Assigned task. Type again, exactly, the lines below from the start through the line that includes "s \<Longrightarrow> norm".

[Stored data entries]
****

lemma norm_power_sum_twisted_le:
  fixes a :: "nat \<Rightarrow> nat \<Rightarrow> 'a::real_normed_algebra_1"
  assumes comm: "\<And>k t. k \<in> {1..N} \<Longrightarrow> y * a k t = a k (Suc t) * y"
    and bound: "\<And>k j s. k \<in> {1..N} \<Longrightarrow> j \<le> s \<Longrightarrow> norm (a k s) \<le> E j" and E: "\<And>j. 0 \<le> E j"
  shows "norm ((\<Sum>k=1..N. a k 0 * y ^ k) ^ n) \<le> (real N * max 1 (norm y) ^ N) ^ n * (\<Prod>j<n. E j)"
proof -
  define Y where "Y = max 1 (norm y)"
  let ?W = "{w. set w \<subseteq> {1..N} \<and> length w = n}"
  have word_bound: "norm (word_coeff a 0 w * y ^ sum_list w) \<le> (\<Prod>j<n. E j) * Y ^ (n * N)"
    if w: "w \<in> ?W" for w
  proof -
    have "set w \<subseteq> {1..N}"
      using w by simp
    then have "sum_list w \<le> length w * N"
      by (induction w) auto
    have Y: "1 \<le> Y" "norm y \<le> Y"
      unfolding Y_def by simp_all
    have "norm (y ^ sum_list w) \<le> norm y ^ sum_list w"
      by (rule norm_power_ineq)
    also have "\<dots> \<le> Y ^ sum_list w"
      using Y by (intro power_mono) simp_all
    also have "\<dots> \<le> Y ^ (n * N)"
      using Y \<open>sum_list w \<le> length w * N\<close> w by (intro power_increasing) simp_all
    finally have ypow: "norm (y ^ sum_list w) \<le> Y ^ (n * N)" .
    have "norm (word_coeff a 0 w) \<le> (\<Prod>i<length w. E (0 + i))"
      by (rule norm_word_coeff_le[where A = "{1..N}"]) (use bound E w in auto)
    with w ypow have "norm (word_coeff a 0 w) * norm (y ^ sum_list w) \<le> (\<Prod>j<n. E j) * Y ^ (n * N)"
      using E by (intro mult_mono) (simp_all add: prod_nonneg)
    then show ?thesis
      by (rule order_trans[OF norm_mult_ineq])
  qed
  have "(\<Sum>k=1..N. a k 0 * y ^ k) ^ n = (\<Sum>w\<in>?W. word_coeff a 0 w * y ^ sum_list w)"
    by (rule power_sum_twisted_eq_sum_words) (use comm in auto)
  then have "norm ((\<Sum>k=1..N. a k 0 * y ^ k) ^ n) \<le> (\<Sum>w\<in>?W. norm (word_coeff a 0 w * y ^ sum_list w))"
    by (simp only: norm_sum)
  also have "\<dots> \<le> real (card ?W) * ((\<Prod>j<n. E j) * Y ^ (n * N))"
    by (rule sum_bounded_above) (rule word_bound)
  also have "\<dots> = (real N * Y ^ N) ^ n * (\<Prod>j<n. E j)"
    by (simp add: card_lists_length_eq power_mult_distrib power_mult[symmetric] mult_ac)
  finally show ?thesis
    unfolding Y_def .
qed
lemma tendsto_Sup_perturbed_right_slope:
  fixes S :: "'a::t2_space set" and f a :: "'a \<Rightarrow> real"
  assumes S: "compact S" and f: "continuous_on S f" and a: "continuous_on S a"
    and x0: "x0 \<in> S" and f_max: "\<forall>y\<in>S. f y \<le> f x0"
    and a_max: "\<forall>y\<in>S. f y = f x0 \<longrightarrow> a y \<le> a x0"
  shows "((\<lambda>h. (Sup ((\<lambda>y. h * a y + f y) ` S) - f x0) / h) \<longlongrightarrow> a x0) (at_right 0)"
proof (rule order_tendstoI)
  fix l assume "l < a x0"
  have "l < (Sup ((\<lambda>y. h * a y + f y) ` S) - f x0) / h" if "0 < h" for h
  proof -
    have "bdd_above ((\<lambda>y. h * a y + f y) ` S)"
      using S f a by (intro bounded_imp_bdd_above compact_imp_bounded compact_continuous_image continuous_intros)
    then have "h * a x0 + f x0 \<le> Sup ((\<lambda>y. h * a y + f y) ` S)"
      using x0 by (intro cSup_upper) auto
    moreover have "h * l < h * a x0" using \<open>l < a x0\<close> that by simp
    ultimately have "h * l < Sup ((\<lambda>y. h * a y + f y) ` S) - f x0" by linarith
    with that show ?thesis by (simp add: pos_less_divide_eq mult.commute)
  qed
  then show "\<forall>\<^sub>F h in at_right 0. l < (Sup ((\<lambda>y. h * a y + f y) ` S) - f x0) / h"
    using eventually_at_right_less[of 0] by (auto elim!: eventually_mono)
next
  fix u assume "a x0 < u"
  define e where "e = (u - a x0) / 2"
  have "0 < e" "a x0 + e < u" using \<open>a x0 < u\<close> by (simp_all add: e_def field_simps)
  have "(Sup ((\<lambda>y. h * a y + f y) ` S) - f x0) / h < u"
    if "0 < h" and "\<forall>y\<in>S. h * a y + f y \<le> f x0 + h * (a x0 + e)" for h
  proof -
    have "Sup ((\<lambda>y. h * a y + f y) ` S) \<le> f x0 + h * (a x0 + e)"
      using that(2) x0 by (intro cSup_least) auto
    moreover have "h * (a x0 + e) < h * u"
      using \<open>a x0 + e < u\<close> that(1) by (rule mult_strict_left_mono)
    ultimately have "Sup ((\<lambda>y. h * a y + f y) ` S) - f x0 < h * u" by linarith
    with that(1) show ?thesis by (simp add: pos_divide_less_eq mult.commute)
  qed
  then show "\<forall>\<^sub>F h in at_right 0. (Sup ((\<lambda>y. h * a y + f y) ` S) - f x0) / h < u"
    using eventually_conj[OF eventually_at_right_less[of 0]
        eventually_perturbed_le_max[OF S f a x0 f_max a_max \<open>0 < e\<close>]]
    by (auto elim!: eventually_mono)
qed

lemma exists_max_among_maximizers:
  fixes S :: "'a::t2_space set" and f a :: "'a \<Rightarrow> real"
  assumes S: "compact S" "S \<noteq> {}" and f: "continuous_on S f" and a: "continuous_on S a"
  shows "\<exists>x0\<in>S. (\<forall>y\<in>S. f y \<le> f x0) \<and> (\<forall>y\<in>S. f y = f x0 \<longrightarrow> a y \<le> a x0)"
proof -
  obtain xm where xm: "xm \<in> S" "\<forall>y\<in>S. f y \<le> f xm"
    using continuous_attains_sup[OF S f] by blast
  define K where "K = S \<inter> f -` {f xm}"
  have "closed K"
    unfolding K_def using continuous_closed_preimage[OF f compact_imp_closed[OF S(1)]] by simp
  then have "compact K"
    using compact_Int_closed[OF S(1), of K] by (simp add: K_def Int_assoc)
  moreover have "K \<noteq> {}" using xm by (auto simp: K_def)
  ultimately obtain x0 where "x0 \<in> K" "\<forall>y\<in>K. a y \<le> a x0"
    using continuous_attains_sup continuous_on_subset[OF a] by (metis K_def inf_le1)
  then show ?thesis using xm by (intro bexI[of _ x0]) (auto simp: K_def)
qed

lemma Sup_plus_Sup_dominated_eq:
  fixes u \<phi> :: "'a \<Rightarrow> real" and R :: "'a \<Rightarrow> 'a \<Rightarrow> bool"
  assumes S: "S \<noteq> {}" and bdd: "bdd_above ((\<lambda>y. u y + \<phi> y) ` S)"
    and refl: "\<forall>x\<in>S. R x x" and mono: "\<forall>x\<in>S. \<forall>y\<in>S. R y x \<longrightarrow> u x \<le> u y"
  shows "Sup ((\<lambda>x. u x + Sup (\<phi> ` {y\<in>S. R y x})) ` S) = Sup ((\<lambda>y. u y + \<phi> y) ` S)"
proof -
  define T where "T = Sup ((\<lambda>y. u y + \<phi> y) ` S)"
  have bound: "\<phi> y \<le> T - u x" if "x \<in> S" "y \<in> S" "R y x" for x y
  proof -
    have "u y + \<phi> y \<le> T" unfolding T_def using bdd that(2) by (intro cSup_upper) auto
    with mono that show ?thesis by fastforce
  qed
  have inner_le: "Sup (\<phi> ` {y\<in>S. R y x}) \<le> T - u x" if "x \<in> S" for x
    using that refl bound by (intro cSup_least) auto
  have inner_ge: "\<phi> x \<le> Sup (\<phi> ` {y\<in>S. R y x})" if "x \<in> S" for x
    using that refl bound by (intro cSup_upper bdd_aboveI[of _ "T - u x"]) auto
  have bdd_lhs: "bdd_above ((\<lambda>x. u x + Sup (\<phi> ` {y\<in>S. R y x})) ` S)"
    using inner_le by (intro bdd_aboveI[of _ T]) force
  show ?thesis
  proof (rule antisym)
    show "Sup ((\<lambda>x. u x + Sup (\<phi> ` {y\<in>S. R y x})) ` S) \<le> Sup ((\<lambda>y. u y + \<phi> y) ` S)"
      using S inner_le unfolding T_def by (intro cSup_least) force+
    show "Sup ((\<lambda>y. u y + \<phi> y) ` S) \<le> Sup ((\<lambda>x. u x + Sup (\<phi> ` {y\<in>S. R y x})) ` S)"
      using S inner_ge by (intro cSup_least) (force intro: cSup_upper2[OF _ _ bdd_lhs])+
  qed
qed

lemma continuous_on_coordinate [continuous_intros]:
  "continuous_on S (\<lambda>x::'a \<Rightarrow> 'b::topological_space. x i)"
  by (rule continuous_on_subset[OF continuous_on_product_coordinates]) simp

lemma Simp_nonneg: "x \<in> Simp \<theta> \<Longrightarrow> 0 \<le> x i"
  by (cases "i \<in> {1..\<theta>}") (auto simp: Simp_def)

lemma Simp_nonempty: "1 \<le> \<theta> \<Longrightarrow> Simp \<theta> \<noteq> {}"
proof -
  assume "1 \<le> \<theta>"
  then have "(\<lambda>i. if i \<in> {1..\<theta>} then 1 / real \<theta> else 0) \<in> Simp \<theta>"
    by (auto simp: Simp_def)
  then show ?thesis by blast
qed
lemma poisson_two_sided_diag:
  "poisson (two_sided a b p q G) (wscale k (diag H))
     = two_sided a b (k * p) (- (k * q)) (G * number_deriv a b H)"
proof -
  have swapped: "poisson (diag_shift (b, a) G) (diag H) = - diag_shift (b, a) (G * number_deriv a b H)"
    using poisson_diag_shift_diag[of b a G H] by (simp add: number_deriv_swap[of b a] push_keys_uminus)
  show ?thesis
    unfolding two_sided_def
    by (simp only: poisson_add_left poisson_scale_left poisson_scale_right
        poisson_diag_shift_diag[of a b] swapped,
        rule poly_mapping_eqI, simp add: lookup_add algebra_simps)
qed

lemma two_sided_nonzero:
  assumes "a \<noteq> b" "p \<noteq> 0" "G \<noteq> 0"
  shows "two_sided a b p q G \<noteq> 0"
proof -
  obtain m where m: "m \<in> keys G" using assms(3) by (metis ex_in_conv in_keys_iff poly_mapping_eqI lookup_zero)
  have swap: "(b + m', a + m') \<noteq> (a + m, b + m)" for m'
  proof
    assume "(b + m', a + m') = (a + m, b + m)"
    then have h: "lookup (b + m') j = lookup (a + m) j" "lookup (a + m') j = lookup (b + m) j" for j
      by simp_all
    have "lookup a j = lookup b j" for j
      using h[of j] unfolding lookup_add by linarith
    with assms(1) show False by (metis poly_mapping_eqI)
  qed
  have "lookup (diag_shift (a, b) G) (a + m, b + m) = lookup G m"
    unfolding lookup_push_keys using m by (simp add: sum.delta)
  moreover have "lookup (diag_shift (b, a) G) (a + m, b + m) = 0"
    unfolding lookup_push_keys using swap by (intro sum.neutral) auto
  ultimately have "lookup (two_sided a b p q G) (a + m, b + m) = p * lookup G m"
    unfolding two_sided_def by (simp add: lookup_add)
  also have "\<dots> \<noteq> 0" using assms(2) m by (simp add: in_keys_iff)
  finally show ?thesis by auto
qed

fun poisson_chain :: "weyl \<Rightarrow> weyl \<Rightarrow> nat \<Rightarrow> weyl \<times> weyl" where
  "poisson_chain sp sm 0 = (sp, sm)"
| "poisson_chain sp sm (Suc l) = (let (p, m) = poisson_chain sp sm l; c = poisson p m in (poisson p c, poisson m c))"

lemma leading_part_chain2:
  assumes "leading_part yp D sp" "leading_part ym D sm" "2 \<le> D"
  shows "leading_part (fst (chain2 yp ym l)) (3 ^ l * (D - 2) + 2) (fst (poisson_chain sp sm l)) \<and>
         leading_part (snd (chain2 yp ym l)) (3 ^ l * (D - 2) + 2) (snd (poisson_chain sp sm l))"
proof (induction l)
  case 0
  have "3 ^ 0 * (D - 2) + 2 = D" using assms(3) by simp
  then show ?case using assms by simp
next
  case (Suc l)
  obtain p m where c: "chain2 yp ym l = (p, m)" by (cases "chain2 yp ym l")
  obtain p' m' where s: "poisson_chain sp sm l = (p', m')" by (cases "poisson_chain sp sm l")
  define t where "t = 3 ^ l * (D - 2)"
  have ih: "leading_part p (t + 2) p'" "leading_part m (t + 2) m'" using Suc c s unfolding t_def by auto
  have c1: "leading_part (wcomm p m) (2 * t + 2) (poisson p' m')"
    using leading_part_wcomm[OF ih] by (simp add: mult_2)
  have "leading_part (wcomm p (wcomm p m)) (3 * t + 2) (poisson p' (poisson p' m'))"
    "leading_part (wcomm m (wcomm p m)) (3 * t + 2) (poisson m' (poisson p' m'))"
    using leading_part_wcomm[OF ih(1) c1] leading_part_wcomm[OF ih(2) c1] by simp_all
  moreover have "3 ^ Suc l * (D - 2) + 2 = 3 * t + 2" unfolding t_def by simp
  ultimately show ?case by (simp only:) (simp add: c s Let_def)
qed
lemma psd_tensor_unif_op:
  fixes A :: "('a::finite) op"
  assumes "psd A"
  shows "psd (tensor A (unif_op :: ('s::finite) op))"
  unfolding psd_iff_form
proof
  fix x :: "'a \<times> 's \<Rightarrow> complex"
  let ?x = "\<lambda>k j. x (j, k)"
  have "cinner x (mat_vec (tensor A (unif_op :: 's op)) x)
      = (1 / of_nat CARD('s)) * (\<Sum>k\<in>UNIV. cinner (?x k) (mat_vec A (?x k)))"
    unfolding cinner_def sum_UNIV_prod mat_vec_tensor_unif_op
    by (subst sum.swap) (simp add: sum_distrib_left mult_ac)
  moreover have "Im (cinner (?x k) (mat_vec A (?x k))) = 0" "Re (cinner (?x k) (mat_vec A (?x k))) \<ge> 0" for k
    using assms by (auto simp: psd_iff_form)
  ultimately show "Im (cinner x (mat_vec (tensor A (unif_op :: 's op)) x)) = 0 \<and>
      0 \<le> Re (cinner x (mat_vec (tensor A (unif_op :: 's op)) x))"
    by (simp add: Im_sum Re_sum sum_nonneg)
qed

lemma density_tensor_unif_op: "density A \<Longrightarrow> density (tensor A (unif_op :: ('s::finite) op))"
  for A :: "('a::finite) op"
  by (simp add: density_def psd_tensor_unif_op tr_tensor tr_unif_op)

****

Response area.
lemma norm_power_sum_twisted_le:
  fixes a :: "nat \<Rightarrow> nat \<Rightarrow> 'a::real_normed_algebra_1"
  assumes comm: "\<And>k t. k \<in> {1..N} \<Longrightarrow> y * a k t = a k (Suc t) * y"
    and bound: "\<And>k j s. k \<in> {1..N} \<Longrightarrow> j \<le> s \<Longrightarrow> norm (a k s) \<le> E j" and E: "\<And>j. 0 \<le> E j"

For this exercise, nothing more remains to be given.